> **INSTRUCTIONS TO FOLLOW**
Note each line in the data holding the string "equality" and report it.

> **Stored data**
####################
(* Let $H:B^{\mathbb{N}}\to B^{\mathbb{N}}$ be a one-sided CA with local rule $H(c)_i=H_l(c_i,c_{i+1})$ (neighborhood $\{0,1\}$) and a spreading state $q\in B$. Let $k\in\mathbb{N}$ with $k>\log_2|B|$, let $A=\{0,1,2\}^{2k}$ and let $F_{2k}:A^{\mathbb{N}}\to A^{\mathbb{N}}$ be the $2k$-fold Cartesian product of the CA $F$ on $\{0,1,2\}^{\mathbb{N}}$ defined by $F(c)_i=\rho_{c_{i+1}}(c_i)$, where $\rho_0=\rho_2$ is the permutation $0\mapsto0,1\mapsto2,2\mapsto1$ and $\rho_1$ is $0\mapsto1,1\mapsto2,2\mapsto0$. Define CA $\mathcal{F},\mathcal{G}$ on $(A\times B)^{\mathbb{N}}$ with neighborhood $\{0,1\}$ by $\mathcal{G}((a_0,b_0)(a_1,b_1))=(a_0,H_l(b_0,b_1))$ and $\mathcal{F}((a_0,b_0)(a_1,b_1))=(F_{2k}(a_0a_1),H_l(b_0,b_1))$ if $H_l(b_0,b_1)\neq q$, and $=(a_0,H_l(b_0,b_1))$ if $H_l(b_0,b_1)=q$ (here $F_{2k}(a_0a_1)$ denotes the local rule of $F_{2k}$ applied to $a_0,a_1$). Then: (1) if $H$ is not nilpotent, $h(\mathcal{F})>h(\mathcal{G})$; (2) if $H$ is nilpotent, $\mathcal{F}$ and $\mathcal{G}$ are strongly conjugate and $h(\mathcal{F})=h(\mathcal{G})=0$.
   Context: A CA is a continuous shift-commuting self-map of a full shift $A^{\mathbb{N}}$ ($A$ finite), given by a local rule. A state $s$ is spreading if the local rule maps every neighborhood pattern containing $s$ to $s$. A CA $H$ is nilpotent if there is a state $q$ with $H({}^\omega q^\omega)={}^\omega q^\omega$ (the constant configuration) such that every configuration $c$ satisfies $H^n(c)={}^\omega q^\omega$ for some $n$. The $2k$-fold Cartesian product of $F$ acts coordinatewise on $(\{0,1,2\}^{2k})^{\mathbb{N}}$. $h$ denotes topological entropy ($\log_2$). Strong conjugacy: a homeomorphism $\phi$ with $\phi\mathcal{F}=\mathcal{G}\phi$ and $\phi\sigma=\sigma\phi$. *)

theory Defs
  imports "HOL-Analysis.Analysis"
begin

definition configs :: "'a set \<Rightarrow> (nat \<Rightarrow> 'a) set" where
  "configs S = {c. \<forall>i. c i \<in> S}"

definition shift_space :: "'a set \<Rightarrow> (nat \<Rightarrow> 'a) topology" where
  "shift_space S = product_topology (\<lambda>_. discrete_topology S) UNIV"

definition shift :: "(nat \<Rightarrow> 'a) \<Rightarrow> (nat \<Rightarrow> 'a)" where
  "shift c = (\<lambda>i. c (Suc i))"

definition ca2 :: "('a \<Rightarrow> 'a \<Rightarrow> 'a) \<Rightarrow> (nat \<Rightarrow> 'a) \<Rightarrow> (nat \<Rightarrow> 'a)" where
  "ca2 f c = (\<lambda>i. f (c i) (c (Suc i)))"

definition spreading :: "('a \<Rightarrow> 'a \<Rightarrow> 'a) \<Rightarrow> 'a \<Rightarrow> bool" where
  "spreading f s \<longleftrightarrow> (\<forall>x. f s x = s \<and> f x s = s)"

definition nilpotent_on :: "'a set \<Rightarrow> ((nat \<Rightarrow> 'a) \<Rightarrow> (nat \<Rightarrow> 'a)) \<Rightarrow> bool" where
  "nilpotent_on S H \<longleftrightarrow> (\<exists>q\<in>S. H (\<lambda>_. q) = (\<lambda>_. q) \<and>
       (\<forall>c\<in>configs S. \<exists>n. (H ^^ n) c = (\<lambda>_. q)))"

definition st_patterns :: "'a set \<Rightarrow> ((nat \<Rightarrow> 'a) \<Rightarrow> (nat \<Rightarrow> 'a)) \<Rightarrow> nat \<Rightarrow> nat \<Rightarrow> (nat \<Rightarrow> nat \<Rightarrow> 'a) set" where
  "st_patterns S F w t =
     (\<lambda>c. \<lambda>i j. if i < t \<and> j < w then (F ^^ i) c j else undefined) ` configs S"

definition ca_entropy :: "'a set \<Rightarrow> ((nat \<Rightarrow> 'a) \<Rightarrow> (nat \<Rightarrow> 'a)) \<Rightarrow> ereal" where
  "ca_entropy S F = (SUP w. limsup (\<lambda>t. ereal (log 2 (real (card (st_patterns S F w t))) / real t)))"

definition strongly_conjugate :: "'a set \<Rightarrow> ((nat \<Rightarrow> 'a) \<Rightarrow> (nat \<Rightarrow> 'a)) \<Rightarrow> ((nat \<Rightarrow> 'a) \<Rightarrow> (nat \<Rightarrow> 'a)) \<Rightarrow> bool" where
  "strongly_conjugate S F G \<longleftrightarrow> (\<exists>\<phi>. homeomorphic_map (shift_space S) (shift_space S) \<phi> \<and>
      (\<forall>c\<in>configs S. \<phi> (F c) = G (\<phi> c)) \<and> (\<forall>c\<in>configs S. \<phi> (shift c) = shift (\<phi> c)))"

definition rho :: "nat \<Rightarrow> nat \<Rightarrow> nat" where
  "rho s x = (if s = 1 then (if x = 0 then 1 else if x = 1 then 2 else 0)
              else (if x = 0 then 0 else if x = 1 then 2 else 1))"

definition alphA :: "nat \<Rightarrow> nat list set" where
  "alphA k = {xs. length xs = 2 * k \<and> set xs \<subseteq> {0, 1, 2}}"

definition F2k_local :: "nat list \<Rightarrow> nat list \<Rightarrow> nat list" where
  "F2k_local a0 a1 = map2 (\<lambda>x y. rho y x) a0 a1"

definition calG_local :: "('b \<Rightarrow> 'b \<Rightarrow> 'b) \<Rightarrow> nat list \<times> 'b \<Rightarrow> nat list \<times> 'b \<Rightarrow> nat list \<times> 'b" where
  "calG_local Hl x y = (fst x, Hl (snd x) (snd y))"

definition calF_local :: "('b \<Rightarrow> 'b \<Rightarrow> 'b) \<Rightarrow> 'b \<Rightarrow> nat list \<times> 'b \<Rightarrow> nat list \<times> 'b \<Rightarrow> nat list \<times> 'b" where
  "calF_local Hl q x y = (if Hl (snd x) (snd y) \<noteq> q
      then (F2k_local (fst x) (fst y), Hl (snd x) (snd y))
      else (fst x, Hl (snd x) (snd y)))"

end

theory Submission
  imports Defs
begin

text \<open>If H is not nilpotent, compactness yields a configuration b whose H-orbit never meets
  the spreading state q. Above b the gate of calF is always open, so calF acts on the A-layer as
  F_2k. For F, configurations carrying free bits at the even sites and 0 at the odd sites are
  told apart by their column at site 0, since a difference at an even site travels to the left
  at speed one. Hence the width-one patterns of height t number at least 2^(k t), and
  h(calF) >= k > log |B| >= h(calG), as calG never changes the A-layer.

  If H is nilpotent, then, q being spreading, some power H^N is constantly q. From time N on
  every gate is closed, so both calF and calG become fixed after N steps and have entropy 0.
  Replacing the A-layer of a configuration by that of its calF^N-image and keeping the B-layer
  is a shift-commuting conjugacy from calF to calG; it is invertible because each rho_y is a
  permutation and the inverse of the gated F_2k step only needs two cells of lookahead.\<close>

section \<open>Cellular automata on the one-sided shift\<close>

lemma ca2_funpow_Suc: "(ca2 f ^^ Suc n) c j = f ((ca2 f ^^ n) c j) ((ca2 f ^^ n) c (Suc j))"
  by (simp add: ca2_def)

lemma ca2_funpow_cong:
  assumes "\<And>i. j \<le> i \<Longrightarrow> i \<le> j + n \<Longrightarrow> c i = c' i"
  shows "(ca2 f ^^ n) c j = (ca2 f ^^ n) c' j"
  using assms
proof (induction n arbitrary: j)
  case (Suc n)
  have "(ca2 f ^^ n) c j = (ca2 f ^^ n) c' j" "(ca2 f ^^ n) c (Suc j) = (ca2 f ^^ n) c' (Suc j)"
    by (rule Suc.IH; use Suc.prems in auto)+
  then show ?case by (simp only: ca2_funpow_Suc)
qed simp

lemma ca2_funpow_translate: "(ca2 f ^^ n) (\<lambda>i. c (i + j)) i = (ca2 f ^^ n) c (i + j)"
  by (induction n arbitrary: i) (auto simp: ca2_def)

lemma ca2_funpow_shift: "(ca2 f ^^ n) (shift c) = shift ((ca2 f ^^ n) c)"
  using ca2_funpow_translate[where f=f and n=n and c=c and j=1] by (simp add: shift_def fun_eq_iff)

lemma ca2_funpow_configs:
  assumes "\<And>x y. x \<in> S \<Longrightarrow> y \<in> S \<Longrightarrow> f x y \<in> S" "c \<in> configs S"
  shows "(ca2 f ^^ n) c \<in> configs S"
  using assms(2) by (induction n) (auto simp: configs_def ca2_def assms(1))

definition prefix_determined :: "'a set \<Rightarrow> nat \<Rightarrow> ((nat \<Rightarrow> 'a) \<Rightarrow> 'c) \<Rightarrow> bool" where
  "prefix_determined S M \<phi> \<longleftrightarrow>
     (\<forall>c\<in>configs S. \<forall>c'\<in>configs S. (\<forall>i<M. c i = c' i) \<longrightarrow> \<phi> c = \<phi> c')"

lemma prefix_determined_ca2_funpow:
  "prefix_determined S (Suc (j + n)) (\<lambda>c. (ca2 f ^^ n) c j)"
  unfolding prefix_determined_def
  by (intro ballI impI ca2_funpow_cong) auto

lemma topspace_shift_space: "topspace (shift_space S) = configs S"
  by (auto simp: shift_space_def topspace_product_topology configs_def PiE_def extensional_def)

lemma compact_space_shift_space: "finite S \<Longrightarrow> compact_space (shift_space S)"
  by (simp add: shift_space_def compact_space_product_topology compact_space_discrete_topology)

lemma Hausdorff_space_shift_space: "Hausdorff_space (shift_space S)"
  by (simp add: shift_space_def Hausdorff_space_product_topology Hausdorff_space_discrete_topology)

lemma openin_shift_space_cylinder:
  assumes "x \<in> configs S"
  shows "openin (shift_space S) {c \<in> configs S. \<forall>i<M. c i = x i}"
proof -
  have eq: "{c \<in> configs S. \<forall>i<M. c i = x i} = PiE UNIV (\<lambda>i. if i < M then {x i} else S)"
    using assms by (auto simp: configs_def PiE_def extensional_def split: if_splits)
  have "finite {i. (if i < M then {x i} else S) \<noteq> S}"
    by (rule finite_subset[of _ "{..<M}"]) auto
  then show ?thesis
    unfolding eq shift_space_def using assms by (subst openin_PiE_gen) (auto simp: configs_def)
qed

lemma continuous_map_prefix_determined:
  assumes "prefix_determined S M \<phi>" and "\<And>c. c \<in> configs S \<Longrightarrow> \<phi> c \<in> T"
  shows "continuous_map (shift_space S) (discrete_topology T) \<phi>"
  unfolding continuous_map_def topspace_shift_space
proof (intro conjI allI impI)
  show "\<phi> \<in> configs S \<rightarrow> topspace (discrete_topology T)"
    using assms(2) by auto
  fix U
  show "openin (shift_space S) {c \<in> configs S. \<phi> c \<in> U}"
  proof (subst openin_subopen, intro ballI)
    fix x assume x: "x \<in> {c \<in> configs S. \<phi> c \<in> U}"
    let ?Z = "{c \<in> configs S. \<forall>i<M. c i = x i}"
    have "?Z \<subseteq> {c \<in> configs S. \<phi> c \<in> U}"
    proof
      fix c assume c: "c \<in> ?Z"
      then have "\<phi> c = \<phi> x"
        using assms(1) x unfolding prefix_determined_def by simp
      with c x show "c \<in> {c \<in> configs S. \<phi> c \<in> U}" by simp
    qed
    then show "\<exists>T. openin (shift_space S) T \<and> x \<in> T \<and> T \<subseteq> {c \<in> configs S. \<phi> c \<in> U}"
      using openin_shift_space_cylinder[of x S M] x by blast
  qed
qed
####################
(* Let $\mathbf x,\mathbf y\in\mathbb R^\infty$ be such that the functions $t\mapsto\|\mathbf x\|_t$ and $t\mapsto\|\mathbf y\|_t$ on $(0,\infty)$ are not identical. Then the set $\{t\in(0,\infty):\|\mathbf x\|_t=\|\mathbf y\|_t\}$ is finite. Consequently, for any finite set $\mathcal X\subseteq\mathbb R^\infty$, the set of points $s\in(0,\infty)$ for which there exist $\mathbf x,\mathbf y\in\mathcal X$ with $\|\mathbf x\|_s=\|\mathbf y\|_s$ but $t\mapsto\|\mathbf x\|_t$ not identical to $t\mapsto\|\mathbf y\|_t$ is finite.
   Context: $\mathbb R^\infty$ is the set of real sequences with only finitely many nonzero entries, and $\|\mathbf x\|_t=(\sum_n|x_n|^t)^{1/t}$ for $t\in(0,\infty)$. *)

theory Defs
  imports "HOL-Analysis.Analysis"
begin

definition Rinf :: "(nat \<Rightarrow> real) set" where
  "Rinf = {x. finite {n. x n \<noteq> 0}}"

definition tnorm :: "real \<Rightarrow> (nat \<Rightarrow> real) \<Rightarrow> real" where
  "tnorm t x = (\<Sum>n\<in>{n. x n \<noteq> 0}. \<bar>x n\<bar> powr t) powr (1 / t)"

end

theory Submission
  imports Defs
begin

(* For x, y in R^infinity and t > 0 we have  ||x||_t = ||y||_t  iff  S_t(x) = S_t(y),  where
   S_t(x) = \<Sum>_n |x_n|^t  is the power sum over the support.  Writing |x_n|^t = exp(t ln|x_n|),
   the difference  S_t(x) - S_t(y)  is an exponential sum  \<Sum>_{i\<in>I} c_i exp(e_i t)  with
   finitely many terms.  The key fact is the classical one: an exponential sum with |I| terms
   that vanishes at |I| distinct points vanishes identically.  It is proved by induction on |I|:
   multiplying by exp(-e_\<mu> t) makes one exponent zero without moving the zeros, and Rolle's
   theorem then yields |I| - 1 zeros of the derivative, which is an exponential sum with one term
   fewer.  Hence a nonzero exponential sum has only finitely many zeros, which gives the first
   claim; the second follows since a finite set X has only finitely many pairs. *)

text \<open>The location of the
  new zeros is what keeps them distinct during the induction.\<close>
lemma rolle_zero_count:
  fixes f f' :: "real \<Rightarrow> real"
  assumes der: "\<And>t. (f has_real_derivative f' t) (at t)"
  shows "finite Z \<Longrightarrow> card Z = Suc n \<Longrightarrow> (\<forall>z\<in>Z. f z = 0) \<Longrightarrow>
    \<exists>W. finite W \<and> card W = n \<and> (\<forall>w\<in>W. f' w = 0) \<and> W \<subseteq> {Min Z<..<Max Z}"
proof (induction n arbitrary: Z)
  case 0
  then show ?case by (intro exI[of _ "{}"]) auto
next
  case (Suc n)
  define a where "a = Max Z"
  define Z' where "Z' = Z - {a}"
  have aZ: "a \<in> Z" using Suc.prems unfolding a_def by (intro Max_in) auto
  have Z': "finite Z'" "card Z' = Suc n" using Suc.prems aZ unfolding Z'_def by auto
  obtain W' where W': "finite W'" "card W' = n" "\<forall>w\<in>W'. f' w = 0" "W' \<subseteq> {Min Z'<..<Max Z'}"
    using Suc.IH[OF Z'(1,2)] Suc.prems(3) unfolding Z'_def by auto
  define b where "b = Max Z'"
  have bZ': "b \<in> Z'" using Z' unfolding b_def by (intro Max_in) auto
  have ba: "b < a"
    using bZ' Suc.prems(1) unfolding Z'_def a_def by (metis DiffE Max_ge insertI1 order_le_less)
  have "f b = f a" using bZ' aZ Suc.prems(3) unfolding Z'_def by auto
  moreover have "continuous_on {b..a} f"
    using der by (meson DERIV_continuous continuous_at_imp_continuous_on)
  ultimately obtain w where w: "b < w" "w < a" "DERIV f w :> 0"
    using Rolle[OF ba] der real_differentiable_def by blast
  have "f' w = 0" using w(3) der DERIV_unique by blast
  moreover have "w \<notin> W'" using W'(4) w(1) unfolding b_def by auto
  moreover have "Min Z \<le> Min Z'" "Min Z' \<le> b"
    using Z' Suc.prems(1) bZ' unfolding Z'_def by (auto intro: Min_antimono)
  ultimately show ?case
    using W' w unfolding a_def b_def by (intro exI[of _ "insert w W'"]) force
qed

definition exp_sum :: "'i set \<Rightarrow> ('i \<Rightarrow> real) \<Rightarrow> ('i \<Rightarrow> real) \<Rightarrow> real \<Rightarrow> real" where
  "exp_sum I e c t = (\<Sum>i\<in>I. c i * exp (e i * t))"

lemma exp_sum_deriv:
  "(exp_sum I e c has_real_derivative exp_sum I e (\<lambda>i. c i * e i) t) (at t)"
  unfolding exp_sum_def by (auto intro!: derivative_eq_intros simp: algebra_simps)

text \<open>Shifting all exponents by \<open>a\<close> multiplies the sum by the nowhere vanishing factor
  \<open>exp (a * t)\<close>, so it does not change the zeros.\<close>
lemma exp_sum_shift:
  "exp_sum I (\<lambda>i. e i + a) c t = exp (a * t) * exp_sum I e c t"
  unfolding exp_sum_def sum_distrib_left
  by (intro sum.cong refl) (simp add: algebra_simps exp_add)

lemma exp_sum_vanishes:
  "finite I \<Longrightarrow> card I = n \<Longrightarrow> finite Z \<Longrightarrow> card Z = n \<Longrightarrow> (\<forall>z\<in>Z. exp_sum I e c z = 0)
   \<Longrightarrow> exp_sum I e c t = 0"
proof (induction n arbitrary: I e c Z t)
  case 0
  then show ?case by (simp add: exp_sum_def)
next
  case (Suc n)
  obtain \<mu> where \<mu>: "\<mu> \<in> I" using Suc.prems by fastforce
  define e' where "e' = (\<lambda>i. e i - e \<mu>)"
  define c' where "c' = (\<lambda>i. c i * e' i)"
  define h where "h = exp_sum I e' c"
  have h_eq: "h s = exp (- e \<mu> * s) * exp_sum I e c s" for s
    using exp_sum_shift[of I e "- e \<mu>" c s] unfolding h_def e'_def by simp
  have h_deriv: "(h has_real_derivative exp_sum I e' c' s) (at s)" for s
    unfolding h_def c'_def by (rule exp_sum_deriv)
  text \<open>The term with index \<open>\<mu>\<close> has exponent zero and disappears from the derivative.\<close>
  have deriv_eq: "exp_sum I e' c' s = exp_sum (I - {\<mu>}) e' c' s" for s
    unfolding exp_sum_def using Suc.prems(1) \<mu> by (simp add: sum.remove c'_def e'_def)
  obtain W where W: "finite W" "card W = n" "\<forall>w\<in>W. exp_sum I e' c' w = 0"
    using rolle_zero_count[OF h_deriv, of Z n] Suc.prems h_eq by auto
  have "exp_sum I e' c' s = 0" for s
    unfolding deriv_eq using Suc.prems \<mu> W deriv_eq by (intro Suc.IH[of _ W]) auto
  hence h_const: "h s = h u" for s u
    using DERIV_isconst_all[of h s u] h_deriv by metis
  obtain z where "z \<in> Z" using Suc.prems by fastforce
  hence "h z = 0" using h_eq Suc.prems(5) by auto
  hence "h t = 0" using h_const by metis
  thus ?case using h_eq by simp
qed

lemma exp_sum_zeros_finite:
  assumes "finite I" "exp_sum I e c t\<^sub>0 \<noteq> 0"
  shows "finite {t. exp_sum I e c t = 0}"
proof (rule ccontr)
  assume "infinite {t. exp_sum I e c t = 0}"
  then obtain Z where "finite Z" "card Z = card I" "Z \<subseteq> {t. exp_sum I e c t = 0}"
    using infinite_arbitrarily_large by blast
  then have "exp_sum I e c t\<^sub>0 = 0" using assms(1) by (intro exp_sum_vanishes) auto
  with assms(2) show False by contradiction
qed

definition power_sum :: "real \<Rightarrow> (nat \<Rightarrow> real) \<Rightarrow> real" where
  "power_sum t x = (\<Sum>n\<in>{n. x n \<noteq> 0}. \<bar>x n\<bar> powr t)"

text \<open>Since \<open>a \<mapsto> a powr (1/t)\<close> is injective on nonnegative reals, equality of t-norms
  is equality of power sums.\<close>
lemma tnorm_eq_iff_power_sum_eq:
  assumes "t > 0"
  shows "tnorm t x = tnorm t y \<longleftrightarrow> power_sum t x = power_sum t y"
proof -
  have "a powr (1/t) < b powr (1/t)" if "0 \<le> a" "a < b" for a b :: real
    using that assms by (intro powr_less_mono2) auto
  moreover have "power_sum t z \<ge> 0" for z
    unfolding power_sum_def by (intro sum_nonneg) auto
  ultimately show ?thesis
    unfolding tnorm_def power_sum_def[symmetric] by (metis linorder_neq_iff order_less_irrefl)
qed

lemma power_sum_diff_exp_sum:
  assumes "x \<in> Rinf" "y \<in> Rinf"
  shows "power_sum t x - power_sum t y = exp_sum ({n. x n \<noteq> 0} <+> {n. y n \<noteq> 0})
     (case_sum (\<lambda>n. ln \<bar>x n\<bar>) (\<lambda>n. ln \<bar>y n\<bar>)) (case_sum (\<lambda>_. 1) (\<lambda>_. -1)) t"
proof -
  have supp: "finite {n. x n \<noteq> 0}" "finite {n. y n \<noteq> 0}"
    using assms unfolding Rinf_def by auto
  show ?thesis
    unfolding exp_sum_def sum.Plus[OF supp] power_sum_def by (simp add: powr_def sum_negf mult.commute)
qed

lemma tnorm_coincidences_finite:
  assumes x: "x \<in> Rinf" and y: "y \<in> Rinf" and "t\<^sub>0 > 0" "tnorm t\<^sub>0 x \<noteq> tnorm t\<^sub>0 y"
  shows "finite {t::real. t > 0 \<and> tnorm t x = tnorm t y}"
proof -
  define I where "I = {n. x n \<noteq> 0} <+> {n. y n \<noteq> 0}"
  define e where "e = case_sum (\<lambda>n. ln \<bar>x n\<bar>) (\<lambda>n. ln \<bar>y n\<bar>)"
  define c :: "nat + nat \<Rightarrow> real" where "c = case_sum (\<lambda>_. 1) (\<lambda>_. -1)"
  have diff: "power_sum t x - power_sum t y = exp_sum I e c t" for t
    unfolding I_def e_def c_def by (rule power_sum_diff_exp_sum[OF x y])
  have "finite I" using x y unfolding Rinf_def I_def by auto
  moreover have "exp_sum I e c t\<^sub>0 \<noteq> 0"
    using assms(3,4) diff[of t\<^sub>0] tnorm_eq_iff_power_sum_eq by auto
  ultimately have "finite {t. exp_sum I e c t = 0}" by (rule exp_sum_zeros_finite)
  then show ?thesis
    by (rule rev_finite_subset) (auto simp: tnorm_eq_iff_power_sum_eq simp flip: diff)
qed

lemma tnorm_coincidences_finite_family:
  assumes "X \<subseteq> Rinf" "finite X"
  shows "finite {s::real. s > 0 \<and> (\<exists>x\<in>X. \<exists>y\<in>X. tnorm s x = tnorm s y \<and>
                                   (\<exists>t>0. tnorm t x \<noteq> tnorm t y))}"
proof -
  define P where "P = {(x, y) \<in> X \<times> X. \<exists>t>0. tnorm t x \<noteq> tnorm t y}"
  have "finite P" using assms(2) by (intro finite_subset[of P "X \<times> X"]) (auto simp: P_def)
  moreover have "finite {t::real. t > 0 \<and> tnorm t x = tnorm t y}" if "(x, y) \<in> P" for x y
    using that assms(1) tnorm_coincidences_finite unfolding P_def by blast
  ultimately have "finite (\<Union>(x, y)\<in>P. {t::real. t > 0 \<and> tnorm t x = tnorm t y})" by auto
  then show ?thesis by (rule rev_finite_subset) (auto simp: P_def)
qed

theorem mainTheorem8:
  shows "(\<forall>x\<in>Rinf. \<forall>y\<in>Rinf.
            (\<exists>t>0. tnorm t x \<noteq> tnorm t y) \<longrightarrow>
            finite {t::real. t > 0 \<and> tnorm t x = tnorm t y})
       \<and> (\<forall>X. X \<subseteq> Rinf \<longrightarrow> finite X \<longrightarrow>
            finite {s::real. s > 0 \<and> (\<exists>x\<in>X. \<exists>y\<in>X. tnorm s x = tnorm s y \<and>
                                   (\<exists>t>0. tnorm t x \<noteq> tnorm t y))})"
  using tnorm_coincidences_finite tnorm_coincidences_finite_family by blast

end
####################
> **RESPONSE**
text \<open>Since \<open>a \<mapsto> a powr (1/t)\<close> is injective on nonnegative reals, equality of t-norms
  is equality of power sums.\<close>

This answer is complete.